StATS: What is a mosaic plot?

A mosaic plot is a graphical display that allows you to examine the relationship among two or more categorical variables.

The mosaic plot starts as a square with length one. The square is divided first into horizontal bars whose widths are proportional to the probabilities associated with the first categorical variable. Then each bar is split vertically into bars that are proportional to the conditional probabilities of the second categorical variable. Additional splits can be made if wanted using a third, fourth variable, etc.

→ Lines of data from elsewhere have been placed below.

(* Let $n_0$ be a nonnegative bounded measurable function on $(0,\infty)$ with $\lim_{x\to\infty}x^2n_0(x)=0$, and let $n$ be the global solution of the Kompaneets problem with initial data $n_0$. If $n_0$ is not identically $0$, then $n_t(x)>0$ for every $x>0$, $t>0$.
   Context: The Kompaneets problem: for $x>0$, $t>0$, $\partial_t n = \partial_x J$ with $J(x,n) = x^2\partial_x n + (x^2-2x)n + n^2$, together with $\lim_{x\to\infty} J(x,n_t)=0$; no boundary condition at $x=0$. $n_t(x)=n(x,t)$; the global solution is the unique nonnegative solution in $C([0,\infty);L^1)\cap L^\infty_{loc}([0,\infty);L^\infty)\cap C^{2,1}((0,\infty)^2)$. *)

theory Defs
  imports "HOL-Analysis.Analysis"
begin

text \<open>Kompaneets flux J(x,n) = x^2 n_x + (x^2 - 2x) n + n^2, written in terms of
  the value v = n(x,t) and the space derivative d = n_x(x,t).\<close>
definition kflux :: "real \<Rightarrow> real \<Rightarrow> real \<Rightarrow> real" where
  "kflux x v d = x\<^sup>2 * d + (x\<^sup>2 - 2 * x) * v + v\<^sup>2"

text \<open>n :: real => real => real, n x t = n_t(x).\<close>
definition kompaneets_solution :: "(real \<Rightarrow> real) \<Rightarrow> (real \<Rightarrow> real \<Rightarrow> real) \<Rightarrow> bool" where
  "kompaneets_solution n0 n \<longleftrightarrow>
     \<comment> \<open>nonnegativity\<close>
     (\<forall>x>0. \<forall>t>0. n x t \<ge> 0) \<and>
     \<comment> \<open>initial datum\<close>
     (AE x in lborel. x > 0 \<longrightarrow> n x 0 = n0 x) \<and>
     \<comment> \<open>C([0,oo); L^1)\<close>
     (\<forall>t\<ge>0. set_integrable lborel {0<..} (\<lambda>x. n x t)) \<and>
     (\<forall>t\<ge>0. ((\<lambda>s. LINT x:{0<..}|lborel. \<bar>n x s - n x t\<bar>) \<longlongrightarrow> 0) (at t within {0..})) \<and>
     \<comment> \<open>L^oo_loc([0,oo); L^oo)\<close>
     (\<forall>T\<ge>0. \<exists>M. \<forall>t\<in>{0..T}. AE x in lborel. x > 0 \<longrightarrow> \<bar>n x t\<bar> \<le> M) \<and>
     \<comment> \<open>C^{2,1}((0,oo)^2) and the equation d_t n = d_x J\<close>
     (\<exists>nx nxx nt.
        continuous_on ({0<..} \<times> {0<..}) (\<lambda>(x,t). n x t) \<and>
        continuous_on ({0<..} \<times> {0<..}) (\<lambda>(x,t). nx x t) \<and>
        continuous_on ({0<..} \<times> {0<..}) (\<lambda>(x,t). nxx x t) \<and>
        continuous_on ({0<..} \<times> {0<..}) (\<lambda>(x,t). nt x t) \<and>
        (\<forall>x>0. \<forall>t>0.
           ((\<lambda>y. n y t) has_real_derivative nx x t) (at x) \<and>
           ((\<lambda>y. nx y t) has_real_derivative nxx x t) (at x) \<and>
           ((\<lambda>s. n x s) has_real_derivative nt x t) (at t) \<and>
           ((\<lambda>y. kflux y (n y t) (nx y t)) has_real_derivative nt x t) (at x)) \<and>
        \<comment> \<open>no-flux condition at infinity\<close>
        (\<forall>t>0. ((\<lambda>x. kflux x (n x t) (nx x t)) \<longlongrightarrow> 0) at_top))"

end

theory Submission
  imports Defs
begin

(*
  Positivity first appears somewhere: if n vanished on (0,T) \<times> (0,\<infinity>), continuity in L\<^sup>1
  at t = 0 would force n\<^sub>0 = 0 almost everywhere. It then spreads by a comparison argument
  for the nondivergence form n\<^sub>t = x\<^sup>2 n\<^sub>x\<^sub>x + (x\<^sup>2 + 2n) n\<^sub>x + (2x - 2) n of the equation, in
  which n enters only through a drift coefficient that is bounded on compact sets. Given
  n(x\<^sub>1, s) > 0, slide the bump w(x, t) = \<epsilon> exp(-(K + 2)(t - s)) (r\<^sup>2 - (x - \<xi>(t))\<^sup>2)\<^sup>2 along
  the segment \<xi> from (x\<^sub>1, s) to (x\<^sub>0, T). For large K it is a subsolution in the tube
  |x - \<xi>(t)| \<le> r; it lies below n at time s and vanishes on the lateral boundary, so the
  minimum principle applied to exp(-\<mu> t) (n - w) gives n(x\<^sub>0, T) \<ge> w(x\<^sub>0, T) > 0.
*)

lemma DERIV_local_min_second_order:
  fixes f f' :: "real \<Rightarrow> real"
  assumes "d > 0"
    and min: "\<And>y. \<bar>y - x\<bar> < d \<Longrightarrow> f x \<le> f y"
    and f': "\<And>y. \<bar>y - x\<bar> < d \<Longrightarrow> (f has_real_derivative f' y) (at y)"
    and f'': "(f' has_real_derivative f'') (at x)"
  shows "f' x = 0" and "f'' \<ge> 0"
proof -
  show f'_0: "f' x = 0"
    using DERIV_local_min[OF f' \<open>d > 0\<close>] min \<open>d > 0\<close> by (simp add: abs_minus_commute)
  show "f'' \<ge> 0"
  proof (rule ccontr)
    assume "\<not> f'' \<ge> 0"
    then obtain e where "e > 0" and dec: "\<And>h. 0 < h \<Longrightarrow> h < e \<Longrightarrow> f' (x + h) < f' x"
      using DERIV_neg_dec_right[OF f''] by (metis not_le)
    define h where "h = min e d / 2"
    have h: "0 < h" "h < e" "h < d"
      using \<open>e > 0\<close> \<open>d > 0\<close> by (auto simp: h_def)
    obtain z where z: "x < z" "z < x + h" "f (x + h) - f x = h * f' z"
      using MVT2[of x "x + h" f f'] h f' by auto
    have "f' z < 0"
      using dec[of "z - x"] z h f'_0 by auto
    then have "f (x + h) < f x"
      using z(3) mult_pos_neg[OF h(1), of "f' z"] by linarith
    with min[of "x + h"] h show False by simp
  qed
qed

lemma DERIV_left_local_min_nonpos:
  fixes f :: "real \<Rightarrow> real"
  assumes "(f has_real_derivative l) (at t)" and "d > 0"
    and min: "\<And>\<tau>. t - d < \<tau> \<Longrightarrow> \<tau> \<le> t \<Longrightarrow> f t \<le> f \<tau>"
  shows "l \<le> 0"
proof (rule ccontr)
  assume "\<not> l \<le> 0"
  then obtain e where "e > 0" and inc: "\<And>h. 0 < h \<Longrightarrow> h < e \<Longrightarrow> f (t - h) < f t"
    using DERIV_pos_inc_left[OF assms(1)] by (metis not_le)
  define h where "h = min e d / 2"
  have "0 < h" "h < e" "h < d"
    using \<open>e > 0\<close> \<open>d > 0\<close> by (auto simp: h_def)
  with inc[of h] min[of "t - h"] show False by simp
qed

lemma isCont_gt_on_closed_interval:
  fixes f :: "real \<Rightarrow> real"
  assumes "isCont f x" and "c < f x"
  obtains r where "0 < r" and "\<And>y. \<bar>y - x\<bar> \<le> r \<Longrightarrow> c < f y"
proof -
  have "(\<lambda>y. f y - c) \<midarrow>x\<rightarrow> f x - c"
    using assms(1) by (simp add: isCont_def tendsto_diff)
  moreover have "0 < f x - c"
    using assms(2) by simp
  ultimately obtain e where "0 < e" and e: "\<forall>y. y \<noteq> x \<and> \<bar>x - y\<bar> < e \<longrightarrow> 0 < f y - c"
    by (blast dest: LIM_fun_gt_zero)
  show thesis
  proof (rule that[of "e / 2"])
    show "c < f y" if "\<bar>y - x\<bar> \<le> e / 2" for y
      using e[rule_format, of y] that \<open>0 < e\<close> assms(2) by (cases "y = x") (auto simp: abs_minus_commute)
  qed (use \<open>0 < e\<close> in simp)
qed

lemma supersolution_nonneg_at_backward_min:
  fixes f :: "real \<Rightarrow> real \<Rightarrow> real" and fx :: "real \<Rightarrow> real"
  assumes "d > 0" and "0 \<le> a" and "c < \<mu>"
    and min: "\<And>y \<tau>. \<bar>y - x\<bar> < d \<Longrightarrow> t - d < \<tau> \<Longrightarrow> \<tau> \<le> t \<Longrightarrow>
                exp (-\<mu> * t) * f x t \<le> exp (-\<mu> * \<tau>) * f y \<tau>"
    and f_x: "\<And>y. \<bar>y - x\<bar> < d \<Longrightarrow> ((\<lambda>y. f y t) has_real_derivative fx y) (at y)"
    and f_xx: "(fx has_real_derivative fxx) (at x)"
    and f_t: "((\<lambda>\<tau>. f x \<tau>) has_real_derivative ft) (at t)"
    and super: "a * fxx + b * fx x + c * f x t \<le> ft"
  shows "0 \<le> f x t"
proof (rule ccontr)
  assume neg: "\<not> 0 \<le> f x t"
  have space_min: "f x t \<le> f y t" if "\<bar>y - x\<bar> < d" for y
    using min[OF that, of t] \<open>d > 0\<close> by simp
  have "fx x = 0" and "0 \<le> fxx"
    using DERIV_local_min_second_order[OF \<open>d > 0\<close> space_min f_x f_xx] by auto
  have "((\<lambda>\<tau>. exp (-\<mu> * \<tau>) * f x \<tau>) has_real_derivative exp (-\<mu> * t) * (ft - \<mu> * f x t)) (at t)"
    by (rule derivative_eq_intros f_t refl)+ (simp add: algebra_simps)
  then have "exp (-\<mu> * t) * (ft - \<mu> * f x t) \<le> 0"
    by (rule DERIV_left_local_min_nonpos[OF _ \<open>d > 0\<close>]) (use min[of x] \<open>d > 0\<close> in simp)
  then have "ft \<le> \<mu> * f x t"
    by (simp add: mult_le_0_iff)
  moreover have "c * f x t \<le> ft"
    using super \<open>fx x = 0\<close> mult_nonneg_nonneg[OF \<open>0 \<le> a\<close> \<open>0 \<le> fxx\<close>] by simp
  moreover have "\<mu> * f x t < c * f x t"
    using neg \<open>c < \<mu>\<close> by (simp add: mult_strict_right_mono_neg)
  ultimately show False
    by linarith
qed

definition tube :: "(real \<Rightarrow> real) \<Rightarrow> real \<Rightarrow> real \<Rightarrow> real \<Rightarrow> (real \<times> real) set" where
  "tube \<xi> r s T = {(x, t). s \<le> t \<and> t \<le> T \<and> \<bar>x - \<xi> t\<bar> \<le> r}"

Here is an example of a simple mosaic plot. There is a publicly available data set on the mortality rates aboard the Titanic, which are influenced strongly by age, sex, and passenger class. If you wanted to compare the mortality rates between men and women using a mosaic plot, you would first divide the unit square according to the overall proportion of males and females. Roughly 35% of the passengers were female, so the first split of the mosaic plot is 35/65. Next, split each bar vertically according to the proportion who lived and died. Among females, 67% survived (coded as 1 on this plot) and 33% died (coded as 0). So the female bar shows as 67/33 split. Among males, only 17% survived, so this bar shows a 17/83 split. The strong disparity in mortality between men and women is demonstrated by the lack of alignment of two vertical separating lines. If the survival rates were identical among men and women, the mosaic plot would look like this: Most implementations of the mosaic plot offer as a default a small margin around each cell to make the graph easier to read. You should consider carefully the choice of which variable to split the unit square first. Here is the same mosaic plot where the unit square is split first by survival status and then by gender. This plot shows you that males were the majority of the deaths and the minority of the survivors. As a general recommendation, variables that represent an exposure or treatment status should usually represent the first split and variables that represent an outcome should represent the second split.

You also have the option of turning the plot sideways by splitting the unit square first horizontally and then vertically.

Here is a mosaic plot looking at the relationship between passenger class and mortality. Notice that the survival rate is best among first class passengers and worst among third class passengers.

You can add a third split to examine the influence of the combination sex and passenger class on mortality. This graph is worth staring at for quite a while. Notice that the mortality rate climbs very sharply for females when you move from first to third class. The rate climbs among males as well, but not as sharply. Also notice that females are found among 1st class passengers in numbers that are disproportionately large relative to their overall numbers. In contrast, more than half of the males were found among the 3rd class passengers.